▶ DATA:

(* Let $\Phi:\mathbb{R}^2\to[0,\infty[$ be measurable. (a) (Non-relativistic case.) Let $U\in C^1(]0,\infty[)$ satisfy $$U'(r)=\frac{4\pi}{r^2}\int_0^r s^2\rho(s)\,ds,\qquad r>0,$$ where $$\rho(r)=\rho(x)=\int_{\mathbb{R}^3} f(x,v)\,dv,\qquad f(x,v)=\Phi\big(E(x,v),L(x,v)\big),$$ with $E(x,v)=\tfrac12|v|^2+U(|x|)$, $L(x,v)=|x\times v|^2$ and $r=|x|$. Assume that the mass $M=\int_{\mathbb{R}^3}\rho(x)\,dx$ is finite. Then $U_\infty=\lim_{r\to\infty}U(r)$ exists and is finite, and $\Phi(E,L)=0$ for almost every $(E,L)$ with $E>U_\infty$ and $L>0$. (b) (Relativistic case.) Let $\lambda,\mu\in C^1(]0,\infty[)$ satisfy, for $r>0$, $$e^{-2\lambda}(2r\lambda'-1)+1=8\pi r^2\rho,\qquad e^{-2\lambda}(2r\mu'+1)-1=8\pi r^2 p,$$ where $$\rho(r)=\int_{\mathbb{R}^3}\sqrt{1+|v|^2}\,f(x,v)\,dv,\qquad p(r)=\int_{\mathbb{R}^3}\Big(\frac{x\cdot v}{r}\Big)^2 f(x,v)\,\frac{dv}{\sqrt{1+|v|^2}},$$ with $f(x,v)=\Phi(E(x,v),L(x,v))$, $E(x,v)=e^{\mu(|x|)}\sqrt{1+|v|^2}$, $L(x,v)=|x\times v|^2$ and $r=|x|$. Assume moreover the regular-center condition, in the form $e^{-2\lambda(r)}=1-2m(r)/r$ for all $r>0$, where $m(r)=4\pi\int_0^r s^2\rho(s)\,ds$. Assume that the ADM mass $M=\int_{\mathbb{R}^3}\rho(x)\,dx$ is finite. Then $\mu_\infty=\lim_{r\to\infty}\mu(r)$ exists and is finite, and $\Phi(E,L)=0$ for almost every $(E,L)$ with $E>e^{\mu_\infty}$ and $L>0$.
   Context: Here $x,v\in\mathbb{R}^3$, $\cdot$ is the Euclidean inner product and $\times$ the cross product. The functions $\rho$ and $p$ depend only on $r=|x|$ because of spherical symmetry. *)

theory Defs
  imports "HOL-Analysis.Analysis"
begin

definition angmom :: "real^3 \<Rightarrow> real^3 \<Rightarrow> real" where
  "angmom x v = (norm (cross3 x v))^2"

text \<open>The point (r,0,0) of R^3, used to evaluate spherically symmetric functions at radius r.\<close>
definition radpt :: "real \<Rightarrow> real^3" where
  "radpt r = vector [r, 0, 0]"
(* Let $(p_j)_{j\ge1}$, with $p_j\in[0,1]$ and $\sum_j p_j<\infty$, be regularly varying with index $\alpha\in(0,1)$ and slowly varying function $\ell$. Then for every fixed $r\ge1$, as $n\to+\infty$, $$\mathbb{E}[K_{n,r}]\simeq \frac{\alpha\,\Gamma(r-\alpha)}{r!}\,n^\alpha\ell(n),$$ where $\Gamma$ is the Gamma function and $f\simeq g$ means $f/g\to1$.
   Context: Bernoulli product feature model: observations $Y_1,Y_2,\dots$ are i.i.d., each $Y_i=(Y_{i,j})_{j\ge1}$ a sequence of independent Bernoulli$(p_j)$ random variables; $X_{n,j}=\sum_{i=1}^nY_{i,j}$, and $K_{n,r}=\sum_{j\ge1}\mathbf{1}\{X_{n,j}=r\}$. Regular variation: let $\overline{\nu}(x):=\#\{j\ge1: p_j\ge x\}$ for $x\in(0,1]$. The sequence $(p_j)$ is regularly varying with index $\alpha\in(0,1)$ if $\overline{\nu}(x)\simeq x^{-\alpha}\ell(1/x)$ as $x\downarrow0$, where $\ell$ is slowly varying, i.e. $\ell(ct)/\ell(t)\to1$ as $t\to+\infty$ for every $c>0$. *)

theory Defs
  imports "HOL-Probability.Probability" "HOL-Library.Landau_Symbols"
begin

text \<open>The whole array \<open>(Y i j)\<close>, \<open>i,j \<in> nat\<close>,
  of independent Bernoulli variables (\<open>Y i j\<close> has parameter \<open>p j\<close>) lives on the
  infinite product space below; observation index i, feature index j.\<close>

definition feature_space :: "(nat \<Rightarrow> real) \<Rightarrow> ((nat \<times> nat) \<Rightarrow> bool) measure" where
  "feature_space p = (\<Pi>\<^sub>M ij\<in>UNIV. measure_pmf (bernoulli_pmf (p (snd ij))))"

text \<open>\<open>X n j = \<Sum>_{i=1}^n Y i j\<close> (observations indexed from 0 here).\<close>
definition Xcount :: "nat \<Rightarrow> nat \<Rightarrow> ((nat \<times> nat) \<Rightarrow> bool) \<Rightarrow> nat" where
  "Xcount n j \<omega> = card {i. i < n \<and> \<omega> (i, j)}"

definition Kcount :: "nat \<Rightarrow> nat \<Rightarrow> ((nat \<times> nat) \<Rightarrow> bool) \<Rightarrow> nat" where
  "Kcount n r \<omega> = card {j. Xcount n j \<omega> = r}"

definition EK :: "(nat \<Rightarrow> real) \<Rightarrow> nat \<Rightarrow> nat \<Rightarrow> real" where
  "EK p n r = (\<integral>\<omega>. real (Kcount n r \<omega>) \<partial>feature_space p)"

definition nubar :: "(nat \<Rightarrow> real) \<Rightarrow> real \<Rightarrow> real" where
  "nubar p x = real (card {j. p j \<ge> x})"

definition slowly_varying :: "(real \<Rightarrow> real) \<Rightarrow> bool" where
  "slowly_varying L \<longleftrightarrow> (\<forall>c>0. ((\<lambda>t. L (c * t) / L t) \<longlongrightarrow> 1) at_top)"

definition regularly_varying :: "(nat \<Rightarrow> real) \<Rightarrow> real \<Rightarrow> (real \<Rightarrow> real) \<Rightarrow> bool" where
  "regularly_varying p \<alpha> L \<longleftrightarrow>
     slowly_varying L \<and> (nubar p \<sim>[at_right 0] (\<lambda>x. x powr (-\<alpha>) * L (1 / x)))"

end

theory Submission
  imports Defs "HOL-Real_Asymp.Real_Asymp"
begin

text \<open>By linearity, \<open>E K\<^sub>n\<^sub>,\<^sub>r = \<Sum>\<^sub>j F\<^sub>n(n p\<^sub>j)\<close> with
  \<open>F\<^sub>n(t) = (n choose r) n\<^sup>-\<^sup>r t\<^sup>r (1 - t/n)\<^sup>n\<^sup>-\<^sup>r\<close>. As \<open>F\<^sub>n(0) = 0\<close>, writing
  \<open>F\<^sub>n(n p\<^sub>j) = \<integral>\<^sub>0\<^sup>n\<^sup>p\<^sup>j F\<^sub>n'\<close> and summing over \<open>j\<close> turns the sum into
  \<open>\<integral>\<^sub>0\<^sup>\<infinity> F\<^sub>n'(t) \<nu>(t/n) dt\<close>. After division by \<open>\<nu>(1/n) \<sim> n\<^sup>\<alpha> \<ell>(n)\<close> the integrand
  tends to \<open>(t\<^sup>r e\<^sup>-\<^sup>t/r!)' t\<^sup>-\<^sup>\<alpha>\<close> by regular variation, a Potter bound
  \<open>\<nu>(s x) \<le> 2\<^sup>\<beta> s\<^sup>-\<^sup>\<beta> \<nu>(x)\<close> with \<open>\<alpha> < \<beta> < 1\<close> provides an integrable majorant, and the
  limit integral is \<open>(r \<Gamma>(r-\<alpha>) - \<Gamma>(r-\<alpha>+1))/r! = \<alpha> \<Gamma>(r-\<alpha>)/r!\<close>.\<close>

section \<open>Binomial profiles and their Poisson limit\<close>

definition binom_scale :: "nat \<Rightarrow> nat \<Rightarrow> real" where
  "binom_scale r n = real (n choose r) / real n ^ r"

▶ INSTRUCTIONS FOR THE TASK: Copy each line containing the word "Kcount" from the data.

▶ EXERCISE RESPONSE:
definition Kcount :: "nat \<Rightarrow> nat \<Rightarrow> ((nat \<times> nat) \<Rightarrow> bool) \<Rightarrow> nat" where
  "Kcount n r \<omega> = card {j. Xcount n j \<omega> = r}"
  "EK p n r = (\<integral>\<omega>. real (Kcount n r \<omega>) \<partial>feature_space p)"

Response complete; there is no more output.